- _How to complete this task_: Each of the following records is to be output exactly.

- _Available data_:
◇ ◇ ◇ ◇ ◇

lemma block_parts_independent_subcontext:
  assumes K: "is_block \<M> (\<preceq>) K" and K': "is_block \<M> (\<preceq>) K'"
    and indep: "independent_blocks \<M> (\<preceq>) K K'"
  shows "independent_subcontext A B R \<sigma> cj (attribute_part K) (object_part K)"
proof -
  obtain a where a: "a \<in> A" "attribute_concept top a \<in> K"
    using block_contains_attribute_concept[OF K] .
  obtain b where b: "b \<in> B" "R a b \<noteq> bot"
    using incident_object[OF a(1)] by blast
  have incidence: "\<exists>a\<in>attribute_part K. \<exists>b\<in>object_part K. R a b \<noteq> bot"
    using block_incidence_link[OF K a(1) b] a b unfolding attribute_part_def object_part_def by blast
  obtain a' where a': "a' \<in> A" "attribute_concept top a' \<in> K'"
    using block_contains_attribute_concept[OF K'] .
  obtain b' where b': "b' \<in> B" "R a' b' \<noteq> bot"
    using incident_object[OF a'(1)] by blast
  have "a' \<in> attribute_part K'" "b' \<in> object_part K'"
    using block_incidence_link[OF K' a'(1) b'] a' b' unfolding attribute_part_def object_part_def
    by simp_all
  then have strict: "attribute_part K \<subset> A" "object_part K \<subset> B"
    using independent_blocks_disjoint_parts[OF indep] a'(1) b'(1)
    unfolding attribute_part_def object_part_def by blast+
  have cross: "R a b = bot \<and> \<not> has_zero_divisors (cj (\<sigma> a b))"
    if "a \<in> A" "b \<in> B" "(a \<in> attribute_part K) \<noteq> (b \<in> object_part K)" for a b
    using block_separates[OF K that(1,2)] that unfolding attribute_part_def object_part_def by auto
  show ?thesis
    unfolding independent_subcontext_def separable_subcontext_def
  proof (intro conjI ballI impI)
    show "attribute_part K \<subset> A" "object_part K \<subset> B" by (fact strict)+
    show "\<exists>a\<in>attribute_part K. \<exists>b\<in>object_part K. R a b \<noteq> bot" by (fact incidence)
    then show "attribute_part K \<noteq> {}" "object_part K \<noteq> {}" by blast+
    show "R a b = bot" if "a \<in> attribute_part K" "b \<in> B - object_part K" for a b
      using cross[of a b] that strict by auto
    show "R a b = bot" if "a \<in> A - attribute_part K" "b \<in> object_part K" for a b
      using cross[of a b] that strict by auto
    show "\<not> has_zero_divisors (cj (\<sigma> a b))"
      if "a \<in> A" "b \<in> B" "(a \<in> attribute_part K) \<noteq> (b \<in> object_part K)" for a b
      using cross[of a b] that by auto
  qed
qed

◇ ◇ ◇ ◇ ◇

- _Solution for this task_:
lemma block_parts_independent_subcontext:
  assumes K: "is_block \<M> (\<preceq>) K" and K': "is_block \<M> (\<preceq>) K'"
    and indep: "independent_blocks \<M> (\<preceq>) K K'"
  shows "independent_subcontext A B R \<sigma> cj (attribute_part K) (object_part K)"
proof -
  obtain a where a: "a \<in> A" "attribute_concept top a \<in> K"
    using block_contains_attribute_concept[OF K] .
  obtain b where b: "b \<in> B" "R a b \<noteq> bot"
    using incident_object[OF a(1)] by blast
  have incidence: "\<exists>a\<in>attribute_part K. \<exists>b\<in>object_part K. R a b \<noteq> bot"
    using block_incidence_link[OF K a(1) b] a b unfolding attribute_part_def object_part_def by blast
  obtain a' where a': "a' \<in> A" "attribute_concept top a' \<in> K'"
    using block_contains_attribute_concept[OF K'] .
  obtain b' where b': "b' \<in> B" "R a' b' \<noteq> bot"
    using incident_object[OF a'(1)] by blast
  have "a' \<in> attribute_part K'" "b' \<in> object_part K'"
    using block_incidence_link[OF K' a'(1) b'] a' b' unfolding attribute_part_def object_part_def
    by simp_all
  then have strict: "attribute_part K \<subset> A" "object_part K \<subset> B"
    using independent_blocks_disjoint_parts[OF indep] a'(1) b'(1)
    unfolding attribute_part_def object_part_def by blast+
  have cross: "R a b = bot \<and> \<not> has_zero_divisors (cj (\<sigma> a b))"
    if "a \<in> A" "b \<in> B" "(a \<in> attribute_part K) \<noteq> (b \<in> object_part K)" for a b
    using block_separates[OF K that(1,2)] that unfolding attribute_part_def object_part_def by auto
  show ?thesis
    unfolding independent_subcontext_def separable_subcontext_def
  proof (intro conjI ballI impI)
    show "attribute_part K \<subset> A" "object_part K \<subset> B" by (fact strict)+
    show "\<exists>a\<in>attribute_part K. \<exists>b\<in>object_part K. R a b \<noteq> bot" by (fact incidence)
    then show "attribute_part K \<noteq> {}" "object_part K \<noteq> {}" by blast+
    show "R a b = bot" if "a \<in> attribute_part K" "b \<in> B - object_part K" for a b
      using cross[of a b] that strict by auto
    show "R a b = bot" if "a \<in> A - attribute_part K" "b \<in> object_part K" for a b
      using cross[of a b] that strict by auto
    show "\<not> has_zero_divisors (cj (\<sigma> a b))"
      if "a \<in> A" "b \<in> B" "(a \<in> attribute_part K) \<noteq> (b \<in> object_part K)" for a b
      using cross[of a b] that by auto
  qed
qed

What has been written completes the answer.